July 31, 2008
Buoyant Future for Welsh Fish Farming
By ANDREW FORGRAVE Rural Affairs Editor
FISH farming can become a major industry in Wales, according to the country's first Fisheries Strategy, launched this week by rural affairs minister Elin Jones.
The development of recreational angling over the past two decades has shown what can be achieved.
North West Wales is already emerging as the fish farm capital of Wales with traditional mussel harvesting supplemented by new aquaculture technologies to produce marine fin fish such as turbot and sea bass.
Recirculating aquaculture systems (RAS), in which fish are grown in large tanks, offer an environmentally-friendly alternative to traditional open cage systems.
The Fisheries Strategy, launched in Aberystwyth, emphasises the need to safeguard the environment when developing Wales' various fishing sectors, now worth pounds 200m a year. But it also stresses that environmental protectionism should not jeopardise the industry's growth: more than 70% of the Welsh coastline is already designated under EU and UK law.
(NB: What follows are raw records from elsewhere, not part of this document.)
lemma nu_ge_sq:
  assumes "1 \<le> a"
  shows "a\<^sup>2 \<le> nu a"
proof -
  have "(\<integral>z. indicator {a..} z * (a\<^sup>2 * std_normal_density z) \<partial>lborel)
          \<le> (\<integral>z. indicator {a..} z * (z\<^sup>2 * std_normal_density z) \<partial>lborel)"
  proof (rule integral_mono)
    show "integrable lborel (\<lambda>z. indicator {a..} z * (a\<^sup>2 * std_normal_density z))"
      using integrable_mult_right[OF integrable_indicator_std_normal_moment[of "{a..}" 0], of "a\<^sup>2"]
      by (simp add: mult_ac)
    show "integrable lborel (\<lambda>z. indicator {a..} z * (z\<^sup>2 * std_normal_density z))"
      using integrable_indicator_std_normal_moment[of "{a..}" 2] by simp
    fix z
    show "indicator {a..} z * (a\<^sup>2 * std_normal_density z) \<le> indicator {a..} z * (z\<^sup>2 * std_normal_density z)"
      using assms by (auto split: split_indicator intro!: mult_right_mono power_mono)
  qed
  moreover have "(\<integral>z. indicator {a..} z * (a\<^sup>2 * std_normal_density z) \<partial>lborel)
                   = a\<^sup>2 * (\<integral>z. indicator {a..} z * std_normal_density z \<partial>lborel)"
    by (simp add: mult.left_commute[of "indicator _ _"])
  ultimately show ?thesis
    using std_normal_upper_tail_pos[OF assms] assms
    by (simp add: nu_eq_upper_tail_ratio field_simps)
qed

lemma nu_le_sq_plus_two:
  assumes "1 \<le> a"
  shows "nu a \<le> a\<^sup>2 + 2"
proof -
  define Q where "Q = (\<integral>z. indicator {a..} z * std_normal_density z \<partial>lborel)"
  define M where "M = (\<integral>z. indicator {a..} z * (z\<^sup>2 * std_normal_density z) \<partial>lborel)"
  have "a * std_normal_density a = (\<integral>z. indicator {a..} z * ((z\<^sup>2 - 1) * std_normal_density z) \<partial>lborel)"
    using has_bochner_integral_std_normal_tail_sq_minus_one[OF assms]
    by (rule has_bochner_integral_integral_eq[symmetric])
  also have "\<dots> = M - Q"
    using integrable_indicator_std_normal_moment[of "{a..}" 2] integrable_indicator_std_normal_moment[of "{a..}" 0]
    by (simp add: M_def Q_def left_diff_distrib right_diff_distrib)
  finally have "M = Q + a * std_normal_density a" by simp
  also have "\<dots> \<le> Q + (1 + a\<^sup>2) * Q"
    using std_normal_upper_tail_ge_mills[OF assms] by (simp add: Q_def field_simps add_pos_nonneg)
  finally have "M \<le> Q * (a\<^sup>2 + 2)"
    by (simp add: algebra_simps)
  moreover have "M = Q * nu a" "0 < Q"
    using assms std_normal_upper_tail_pos[OF assms] by (simp_all add: nu_eq_upper_tail_ratio M_def Q_def)
  ultimately show ?thesis
    by (simp add: mult_le_cancel_left_pos)
qed
lemma sobol_total_add_le:
  fixes f h :: "(nat \<Rightarrow> real) \<Rightarrow> real"
  assumes f: "admissible n f" and h: "admissible n h" and "0 \<le> Cov n f h"
  shows "sobol_total n i (\<lambda>x. f x + h x)
           \<le> (sqrt (sobol_total n i f * Var n f) + sqrt (sobol_total n i h * Var n h))\<^sup>2
              / (Var n f + Var n h)"
proof -
  interpret pair_prob_space "cube_wo n i" unit_iv by (rule pair_prob_space_cube_wo_unit_iv)
  let ?D = "\<lambda>\<phi>. expected_fiber_var (cube_wo n i) unit_iv (\<lambda>(y, t). \<phi> (y(i := t)))"
  have fm: "f \<in> borel_measurable (cube n)" and f2: "integrable (cube n) (\<lambda>x. (f x)\<^sup>2)"
    and hm: "h \<in> borel_measurable (cube n)" and h2: "integrable (cube n) (\<lambda>x. (h x)\<^sup>2)"
    and "0 < Var n f" "0 < Var n h"
    using f h by (auto simp: admissible_iff_Var_pos)
  have g2: "integrable (cube n) (\<lambda>x. (f x + h x)\<^sup>2)"
    by (rule integrable_square_add[OF fm hm f2 h2])
  have "sqrt (?D (\<lambda>x. f x + h x)) \<le> sqrt (?D f) + sqrt (?D h)"
    using sqrt_expected_fiber_var_add_le[OF borel_measurable_cube_fun_upd[OF i fm] _
        borel_measurable_cube_fun_upd[OF i hm]]
      integrable_cube_fun_upd[OF i f2] integrable_cube_fun_upd[OF i h2]
    by (simp add: case_prod_beta')
  then have "?D (\<lambda>x. f x + h x) \<le> (sqrt (?D f) + sqrt (?D h))\<^sup>2"
    by (rule sqrt_le_D)
  moreover have "Var n f + Var n h \<le> Var n (\<lambda>x. f x + h x)"
    using Var_add[OF fm f2 hm h2] \<open>0 \<le> Cov n f h\<close> by simp
  ultimately have "?D (\<lambda>x. f x + h x) / Var n (\<lambda>x. f x + h x)
                     \<le> (sqrt (?D f) + sqrt (?D h))\<^sup>2 / (Var n f + Var n h)"
    using \<open>0 < Var n f\<close> \<open>0 < Var n h\<close> expected_fiber_var_nonneg
    by (intro frac_le) auto
  then show ?thesis
    using sobol_total_eq_expected_fiber_var[OF i] fm hm g2
      sobol_total_mult_Var[OF f] sobol_total_mult_Var[OF h] by simp
qed

end

lemma unit_cube_power_moment:
  assumes "k \<in> I"
  shows "integrable (Pi\<^sub>M I (\<lambda>_. unit_iv)) (\<lambda>x. x k ^ m)"
    and "(\<integral>x. x k ^ m \<partial>Pi\<^sub>M I (\<lambda>_. unit_iv)) = 1 / Suc m"
  using integrable_PiM_component[OF prob_space_unit_iv assms integrable_unit_iv_power]
    integral_PiM_component[OF prob_space_unit_iv assms
      borel_measurable_integrable[OF integrable_unit_iv_power]]
  by (simp_all add: integral_unit_iv_power)

lemma unit_cube_mixed_moment:
  assumes "finite I" "k \<in> I" "l \<in> I" "k \<noteq> l"
  shows "integrable (Pi\<^sub>M I (\<lambda>_. unit_iv)) (\<lambda>x. x k * x l)"
    and "(\<integral>x. x k * x l \<partial>Pi\<^sub>M I (\<lambda>_. unit_iv)) = 1 / 4"
  using integral_PiM_two_components[OF prob_space_unit_iv assms, of "\<lambda>t. t ^ 1" "\<lambda>t. t ^ 1"]
  by (simp_all only: integrable_unit_iv_power integral_unit_iv_power) simp_all

lemma cube_coordinate_moments:
  assumes "k \<in> {1..n}"
  shows "integrable (cube n) (\<lambda>x. x k)" "(\<integral>x. x k \<partial>cube n) = 1 / 2"
    and "integrable (cube n) (\<lambda>x. (x k)\<^sup>2)" "(\<integral>x. (x k)\<^sup>2 \<partial>cube n) = 1 / 3"
  using unit_cube_power_moment[OF assms, where m=1] unit_cube_power_moment[OF assms, where m=2]
  by (simp_all add: cube_def)

context
  fixes n i j :: nat
  assumes i: "i \<in> {1..n}" and j: "j \<in> {1..n}" and "i \<noteq> j"
begin

lemma cube_linear_mult_moment:
  fixes a b c d :: real
  shows "integrable (cube n) (\<lambda>x. (a * x i + b * x j) * (c * x i + d * x j))"
    and "(\<integral>x. (a * x i + b * x j) * (c * x i + d * x j) \<partial>cube n)
           = a * c / 3 + (a * d + b * c) / 4 + b * d / 3"
proof -
  have eq: "(\<lambda>x. (a * x i + b * x j) * (c * x i + d * x j))
      = (\<lambda>x. a * c * (x i)\<^sup>2 + (a * d + b * c) * (x i * x j) + b * d * (x j)\<^sup>2)"
    by (simp add: fun_eq_iff power2_eq_square algebra_simps)
  note moments = cube_coordinate_moments[OF i] cube_coordinate_moments[OF j]
    unit_cube_mixed_moment[OF _ i j \<open>i \<noteq> j\<close>, folded cube_def]
  show "integrable (cube n) (\<lambda>x. (a * x i + b * x j) * (c * x i + d * x j))"
    unfolding eq using moments by simp
  show "(\<integral>x. (a * x i + b * x j) * (c * x i + d * x j) \<partial>cube n)
           = a * c / 3 + (a * d + b * c) / 4 + b * d / 3"
    unfolding eq by (simp add: moments)
qed

lemma mean0_cube_linear: "mean0 n (\<lambda>x. a * x i + b * x j) = (a + b) / 2"
  unfolding mean0_def by (simp add: cube_coordinate_moments[OF i] cube_coordinate_moments[OF j])

lemma Cov_cube_linear:
  "Cov n (\<lambda>x. a * x i + b * x j) (\<lambda>x. c * x i + d * x j) = (a * c + b * d) / 12"
  unfolding Cov_def cube_linear_mult_moment(2) mean0_cube_linear by (simp add: field_simps)

lemma Var_cube_linear: "Var n (\<lambda>x. a * x i + b * x j) = (a\<^sup>2 + b\<^sup>2) / 12"
  using Cov_cube_linear[of a b a b] by (simp add: Var_def Cov_def power2_eq_square)

lemma admissible_cube_linear:
  assumes "a \<noteq> 0 \<or> b \<noteq> 0"
  shows "admissible n (\<lambda>x. a * x i + b * x j)"
proof -
  have "(\<lambda>x. (a * x i + b * x j)\<^sup>2) = (\<lambda>x. (a * x i + b * x j) * (a * x i + b * x j))"
    by (simp add: power2_eq_square)
  moreover have "(\<lambda>x. x i) \<in> borel_measurable (cube n)" "(\<lambda>x. x j) \<in> borel_measurable (cube n)"
    using cube_coordinate_moments(1)[OF i] cube_coordinate_moments(1)[OF j] by simp_all
  moreover have "0 < a\<^sup>2 + b\<^sup>2" using assms by (simp add: sum_power2_gt_zero_iff)
  ultimately show ?thesis
    by (simp add: admissible_iff_Var_pos Var_cube_linear cube_linear_mult_moment)
qed

lemma sobol_total_cube_linear: "sobol_total n i (\<lambda>x. a * x i + b * x j) = a\<^sup>2 / (a\<^sup>2 + b\<^sup>2)"
proof -
  interpret unit_iv: prob_space unit_iv by (rule prob_space_unit_iv)
  interpret cube_wo: prob_space "cube_wo n i" by (rule prob_space_cube_wo)
  have j': "j \<in> {1..n} - {i}" using j \<open>i \<noteq> j\<close> by simp
  note moments = unit_cube_power_moment[OF j', where m=1, unfolded power_one_right, folded cube_wo_def]
    unit_cube_power_moment[OF j', where m=2, folded cube_wo_def]
  have square: "(\<integral>x. (a * x i + b * x j)\<^sup>2 \<partial>cube n) = a\<^sup>2 / 3 + a * b / 2 + b\<^sup>2 / 3"
    using cube_linear_mult_moment(2)[of a b a b] by (simp add: power2_eq_square)
  have fiber: "(\<integral>t. a * (y(i := t)) i + b * (y(i := t)) j \<partial>unit_iv) = a / 2 + b * y j" for y
    using \<open>i \<noteq> j\<close> integrable_unit_iv_power[where k=1] integral_unit_iv_power[where k=1]
    by (simp add: unit_iv.prob_space)
  have "(\<lambda>y. (a / 2 + b * y j)\<^sup>2) = (\<lambda>y. a\<^sup>2 / 4 + a * b * y j + b\<^sup>2 * y j ^ 2)"
    by (simp add: fun_eq_iff power2_eq_square algebra_simps)
  then have fiber_square: "(\<integral>y. (a / 2 + b * y j)\<^sup>2 \<partial>cube_wo n i) = a\<^sup>2 / 4 + a * b / 2 + b\<^sup>2 / 3"
    using moments(1,3) by (simp add: moments(2,4) cube_wo.prob_space)
  show ?thesis
    unfolding sobol_total_def fiber square fiber_square Var_cube_linear by simp
qed

end

lemma sobol_total_add_sharp:
  assumes i: "i \<in> {1..n}" and "2 \<le> n" and "c < 2"
  shows "\<exists>f h. admissible n f \<and> admissible n h \<and> Cov n f h \<ge> 0 \<and>
           sobol_total n i (\<lambda>x. f x + h x) > c * max (sobol_total n i f) (sobol_total n i h)"
proof -
  define j where "j = (if i = 1 then 2 else 1 :: nat)"
  have j: "j \<in> {1..n}" and "i \<noteq> j"
    using i \<open>2 \<le> n\<close> by (auto simp: j_def)
  note linear = admissible_cube_linear[OF i j \<open>i \<noteq> j\<close>] Cov_cube_linear[OF i j \<open>i \<noteq> j\<close>]
    sobol_total_cube_linear[OF i j \<open>i \<noteq> j\<close>]
  let ?f = "\<lambda>x::nat \<Rightarrow> real. x i + x j" and ?h = "\<lambda>x::nat \<Rightarrow> real. x i - x j"
  have "(\<lambda>x. ?f x + ?h x) = (\<lambda>x. 2 * x i + 0 * x j)"
    by (simp add: fun_eq_iff)
  then have sum: "sobol_total n i (\<lambda>x. ?f x + ?h x) = 1"
    using linear(3)[of 2 0] by simp
  have f: "sobol_total n i ?f = 1 / 2" "admissible n ?f"
    using linear(3)[of 1 1] linear(1)[of 1 1] by simp_all
  have h: "sobol_total n i ?h = 1 / 2" "admissible n ?h"
    using linear(3)[of 1 "- 1"] linear(1)[of 1 "- 1"] by simp_all
  have "Cov n ?f ?h = 0"
    using linear(2)[of 1 1 1 "- 1"] by simp
  then have "admissible n ?f \<and> admissible n ?h \<and> Cov n ?f ?h \<ge> 0 \<and>
      sobol_total n i (\<lambda>x. ?f x + ?h x) > c * max (sobol_total n i ?f) (sobol_total n i ?h)"
    using \<open>c < 2\<close> by (simp only: sum f h) simp
  then show ?thesis by blast
qed
lemma integral_indicator_cos:
  fixes u a b :: real
  assumes "a \<le> b" "u \<noteq> 0"
  shows "(LINT x|lborel. indicator {a..b} x * cos (u * x)) = (sin (u * b) - sin (u * a)) / u"
proof -
  have "(LINT x|lborel. indicator {a..b} x *\<^sub>R cos (u * x)) = sin (u * b) / u - sin (u * a) / u"
  proof (rule integral_FTC_atLeastAtMost[OF assms(1)])
    fix x show "((\<lambda>x. sin (u * x) / u) has_vector_derivative cos (u * x)) (at x within {a..b})"
      using assms(2) by (auto intro!: derivative_eq_intros
          simp: has_real_derivative_iff_has_vector_derivative[symmetric])
  qed (intro continuous_intros)
  then show ?thesis by (simp add: diff_divide_distrib)
qed

lemma abs_integral_indicator_cos_le:
  fixes u a b :: real
  assumes "a \<le> b" "u \<noteq> 0"
  shows "\<bar>LINT x|lborel. indicator {a..b} x * cos (u * x)\<bar> \<le> 2 / \<bar>u\<bar>"
proof -
  have "\<bar>sin (u * b) - sin (u * a)\<bar> \<le> 2"
    using abs_sin_le_one[of "u * b"] abs_sin_le_one[of "u * a"] by linarith
  then show ?thesis
    using integral_indicator_cos[OF assms] assms(2) by (simp add: abs_div divide_right_mono)
qed

lemma integrable_lborel_pair_vanishing_off_box:
  fixes G :: "real \<Rightarrow> real \<Rightarrow> real"
  assumes "case_prod G \<in> borel_measurable (lborel \<Otimes>\<^sub>M lborel)"
    and "\<And>x y. \<bar>G x y\<bar> \<le> B" and "\<And>x y. (x, y) \<notin> {a..b} \<times> {c..d} \<Longrightarrow> G x y = 0"
  shows "integrable (lborel \<Otimes>\<^sub>M lborel) (case_prod G)"
proof (rule integrableI_bounded_set[where A="{a..b} \<times> {c..d}" and B=B])
  show "emeasure (lborel \<Otimes>\<^sub>M lborel) ({a..b} \<times> {c..d}) < \<infinity>"
    by (subst lborel.emeasure_pair_measure_Times)
      (auto simp: ennreal_mult_less_top emeasure_lborel_Icc_eq)
  show "AE z in lborel \<Otimes>\<^sub>M lborel. z \<in> {a..b} \<times> {c..d} \<longrightarrow> norm (case_prod G z) \<le> B"
    using assms(2) by (intro AE_I2) (auto split: prod.split)
  show "AE z in lborel \<Otimes>\<^sub>M lborel. z \<notin> {a..b} \<times> {c..d} \<longrightarrow> case_prod G z = 0"
    using assms(3) by (intro AE_I2) (auto split: prod.split)
qed (use assms(1) in auto)

text \<open>The superlevel set \<open>{x \<in> {a..b}. y < \<psi> x}\<close> of a monotone \<open>\<psi>\<close> is an interval
  with right end point \<open>b\<close>, up to its left end point.\<close>

lemma abs_integral_superlevel_cos_le:
  fixes \<psi> :: "real \<Rightarrow> real"
  assumes "mono \<psi>" "a \<le> b" "u \<noteq> 0"
  shows "\<bar>LINT x|lborel. indicator {a..b} x * indicator {x. y < \<psi> x} x * cos (u * x)\<bar> \<le> 2 / \<bar>u\<bar>"
proof (cases "{x\<in>{a..b}. y < \<psi> x} = {}")
  case True
  then have "indicator {a..b} x * indicator {x. y < \<psi> x} x * cos (u * x) = 0" for x
    by (auto simp: indicator_def)
  then show ?thesis by (simp only: integral_zero) simp
next
  case False
  define A where "A = {x\<in>{a..b}. y < \<psi> x}"
  define c where "c = Inf A"
  have A_ne: "A \<noteq> {}" using False A_def by simp
  have bdd: "bdd_below A" unfolding A_def by (rule bdd_belowI[of _ a]) auto
  have c_le: "c \<le> z" if "z \<in> A" for z unfolding c_def using that bdd by (rule cInf_lower)
  have ac: "a \<le> c" unfolding c_def using A_ne by (intro cInf_greatest) (auto simp: A_def)
  obtain z where "z \<in> A" using A_ne by blast
  then have cb: "c \<le> b" using c_le[of z] by (auto simp: A_def)
  have in_A: "x \<in> A" if x: "c < x" "x \<le> b" for x
  proof -
    obtain z where z: "z \<in> A" "z < x" using cInf_lessD[OF A_ne, of x] x unfolding c_def by blast
    then have "\<psi> z \<le> \<psi> x" using assms(1) by (simp add: mono_def)
    then show ?thesis using z x unfolding A_def by auto
  qed
  have [measurable]: "\<psi> \<in> borel_measurable borel"
    using borel_measurable_mono assms(1) by blast
  have "AE x in lborel. indicator {a..b} x * indicator {x. y < \<psi> x} x * cos (u * x) =
      indicator {c..b} x * cos (u * x)"
    using AE_lborel_singleton[of c]
  proof eventually_elim
    case (elim x)
    then consider "x < c" | "c < x" by linarith
    then show ?case
      using in_A c_le ac by cases (fastforce simp: A_def indicator_def)+
  qed
  then have "(LINT x|lborel. indicator {a..b} x * indicator {x. y < \<psi> x} x * cos (u * x)) =
      (LINT x|lborel. indicator {c..b} x * cos (u * x))"
    by (rule integral_cong_AE[rotated 2]) measurable
  then show ?thesis using abs_integral_indicator_cos_le[OF cb assms(3)] by simp
qed

text \<open>Layer cake: \<open>\<psi> x = \<integral>\<^sub>0\<^sup>B 1{y < \<psi> x} dy\<close>, and Fubini reduces the claim to the
  superlevel sets of \<open>\<psi>\<close>.\<close>

lemma abs_integral_mono_nonneg_cos_le:
  fixes \<psi> :: "real \<Rightarrow> real"
  assumes mono: "mono \<psi>" and ab: "a \<le> b" and u: "u \<noteq> 0"
    and range: "\<And>x. x \<in> {a..b} \<Longrightarrow> 0 \<le> \<psi> x \<and> \<psi> x \<le> B"
  shows "\<bar>LINT x|lborel. indicator {a..b} x * (\<psi> x * cos (u * x))\<bar> \<le> B * (2 / \<bar>u\<bar>)"
proof -
  have [measurable]: "\<psi> \<in> borel_measurable borel" using borel_measurable_mono mono by blast
  have B: "0 \<le> B" using range[of a] ab by auto
  define F where "F x y = indicator {a..b} x * indicator {0..B} y * indicator {y. y < \<psi> x} y *
      cos (u * x)" for x y
  have inner: "(LINT y|lborel. F x y) = indicator {a..b} x * (\<psi> x * cos (u * x))" for x
  proof (cases "x \<in> {a..b}")
    case True
    then have "indicator {0..B} y * indicator {y. y < \<psi> x} y = (indicator {0..<\<psi> x} y :: real)" for y
      using range[OF True] by (auto simp: indicator_def)
    then show ?thesis using True range[OF True] by (simp add: F_def)
  qed (simp add: F_def)
  have int: "integrable (lborel \<Otimes>\<^sub>M lborel) (case_prod F)"
  proof (rule integrable_lborel_pair_vanishing_off_box[where B=1 and a=a and b=b and c=0 and d=B])
    show "case_prod F \<in> borel_measurable (lborel \<Otimes>\<^sub>M lborel)" unfolding F_def by measurable
  qed (auto simp: F_def indicator_def abs_mult)
  have "(LINT x|lborel. indicator {a..b} x * (\<psi> x * cos (u * x))) =
      (LINT x|lborel. LINT y|lborel. F x y)"
    using inner by simp
  also have "\<dots> = (LINT y|lborel. LINT x|lborel. F x y)"
    using lborel_pair.Fubini_integral[OF int] by simp
  also have "\<dots> = (LINT y|lborel. indicator {0..B} y *
      (LINT x|lborel. indicator {a..b} x * indicator {x. y < \<psi> x} x * cos (u * x)))"
    unfolding F_def by (intro Bochner_Integration.integral_cong) (auto simp: indicator_def)
  also have "\<bar>\<dots>\<bar> \<le> (LINT y|lborel. indicator {0..B} y * (2 / \<bar>u\<bar>))"
  proof (rule abs_integral_le_integral)
    show "integrable lborel (\<lambda>y. indicator {0..B} y * (2 / \<bar>u\<bar>))"
      by (rule integrable_indicator_Icc_times_bounded[where K="2 / \<bar>u\<bar>"]) auto
  qed (use abs_integral_superlevel_cos_le[OF mono ab u] in \<open>auto simp: indicator_def\<close>)
  also have "\<dots> = B * (2 / \<bar>u\<bar>)" using B by simp
  finally show ?thesis .
qed

lemma abs_integral_mono_cos_le:
  fixes \<phi> :: "real \<Rightarrow> real"
  assumes mono: "mono \<phi>" and ab: "a \<le> b" and u: "u \<noteq> 0"
  shows "\<bar>LINT x|lborel. indicator {a..b} x * \<phi> x * cos (u * x)\<bar> \<le>
    (\<bar>\<phi> a\<bar> + (\<phi> b - \<phi> a)) * (2 / \<bar>u\<bar>)"
proof -
  have [measurable]: "\<phi> \<in> borel_measurable borel" using borel_measurable_mono mono by blast
  define \<psi> where "\<psi> x = \<phi> x - \<phi> a" for x
  have mono_\<psi>: "mono \<psi>" using mono unfolding \<psi>_def mono_def by auto
  have range: "0 \<le> \<psi> x \<and> \<psi> x \<le> \<phi> b - \<phi> a" if "x \<in> {a..b}" for x
    using that mono unfolding \<psi>_def mono_def by auto
  have int1: "integrable lborel (\<lambda>x. indicator {a..b} x * cos (u * x))"
    by (rule integrable_indicator_Icc_times_bounded[where K=1]) auto
  have int2: "integrable lborel (\<lambda>x. indicator {a..b} x * (\<psi> x * cos (u * x)))"
  proof (rule integrable_indicator_Icc_times_bounded[where K="\<phi> b - \<phi> a"])
    show "\<bar>\<psi> x * cos (u * x)\<bar> \<le> \<phi> b - \<phi> a" if "x \<in> {a..b}" for x
      using range[OF that] abs_cos_le_one[of "u * x"]
      by (simp add: abs_mult) (meson abs_cos_le_one mult_left_le order_trans)
  qed (simp add: \<psi>_def)
  let ?I1 = "LINT x|lborel. indicator {a..b} x * cos (u * x)"
  let ?I2 = "LINT x|lborel. indicator {a..b} x * (\<psi> x * cos (u * x))"
  have "(LINT x|lborel. indicator {a..b} x * \<phi> x * cos (u * x)) =
      (LINT x|lborel. \<phi> a * (indicator {a..b} x * cos (u * x)) +
        indicator {a..b} x * (\<psi> x * cos (u * x)))"
    by (rule Bochner_Integration.integral_cong) (auto simp: \<psi>_def algebra_simps)
  also have "\<dots> = \<phi> a * ?I1 + ?I2"
    using int1 int2 by simp
  finally have split: "(LINT x|lborel. indicator {a..b} x * \<phi> x * cos (u * x)) = \<phi> a * ?I1 + ?I2" .
  have "\<bar>\<phi> a * ?I1\<bar> \<le> \<bar>\<phi> a\<bar> * (2 / \<bar>u\<bar>)"
    unfolding abs_mult by (rule mult_left_mono[OF abs_integral_indicator_cos_le[OF ab u]]) simp
  moreover have "\<bar>?I2\<bar> \<le> (\<phi> b - \<phi> a) * (2 / \<bar>u\<bar>)"
    by (rule abs_integral_mono_nonneg_cos_le[OF mono_\<psi> ab u range])
  ultimately show ?thesis
    unfolding split distrib_right using abs_triangle_ineq[of "\<phi> a * ?I1" ?I2] by linarith
qed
Crucial to the sector's success will be its ability to access money via the 16m-euro European Fisheries Fund, with the prospect of match-funding from Cardiff.
Elin Jones said the strategy offered a blueprint for modernising the industry whilst safeguarding marine environments. She said: "It also recognises the rapidly developing Welsh aquaculture sector.
"The sector is widely recognised as being at the cutting edge, which has resulted in inward investment, particularly to Anglesey, with a real prospect of further investment to follow."
There are currently two RAS facilities in North Wales. A commercial fish farm on Anglesey produces about 200 tonnes of turbot each year, with another 1,000-tonne multi-species farm under construction. A pilot plant to assess the production of new species also operates in Gwynedd.